lemma Lmat_on_l_orthogonal:
  assumes y: "y \<in> V" and u: "(\<Sum>c\<in>UNIV. lower g l c y * u$c) = 0"
    and v: "(\<Sum>c\<in>UNIV. lower g l c y * v$c) = 0"
  shows "gform (Lmat y) u v = theta y * gform (g y) u v"
proof -
  have yU: "y \<in> U" using V_subset[OF y] .
  let ?e = "gform (g y) (nf y) u *\<^sub>R l y + (\<Sum>k\<in>frame_idx TYPE('n). gform (g y) (mf y k) u *\<^sub>R mf y k)"
  have on_l: "gform (Lmat y) (l y) v = theta y * gform (g y) (l y) v"
    and on_m: "\<And>k. k \<in> frame_idx TYPE('n) \<Longrightarrow> gform (Lmat y) (mf y k) v = theta y * gform (g y) (mf y k) v"
    using Lmat_frame_l[OF y v] by blast+
  have "gform (Lmat y) ?e v = theta y * gform (g y) ?e v"
    by (simp add: gform_add_left gform_scale_left gform_sum_left on_l on_m sum_distrib_left
        algebra_simps cong: sum.cong)
  then show ?thesis using expansion_orthogonal_to_l[OF yU u, symmetric] by simp
qed

definition S :: "'n \<Rightarrow> 'n \<Rightarrow> real^'n \<Rightarrow> real" where
  "S a b y = cov_low g l a b y - theta y * g y$a$b"

definition X :: "'n \<Rightarrow> real^'n \<Rightarrow> real" where
  "X b y = S a0 b y / lower g l a0 y"

definition Y :: "'n \<Rightarrow> real^'n \<Rightarrow> real" where
  "Y a y = S a a0 y / lower g l a0 y - lower g l a y * S a0 a0 y / (lower g l a0 y)^2"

_ _ _

Lines with the word "theta" in them should be copied from the preceding records.

- [EXERCISE RESULT]
  shows "gform (Lmat y) u v = theta y * gform (g y) u v"
  have on_l: "gform (Lmat y) (l y) v = theta y * gform (g y) (l y) v"
    and on_m: "\<And>k. k \<in> frame_idx TYPE('n) \<Longrightarrow> gform (Lmat y) (mf y k) v = theta y * gform (g y) (mf y k) v"
  have "gform (Lmat y) ?e v = theta y * gform (g y) ?e v"
  "S a b y = cov_low g l a b y - theta y * g y$a$b"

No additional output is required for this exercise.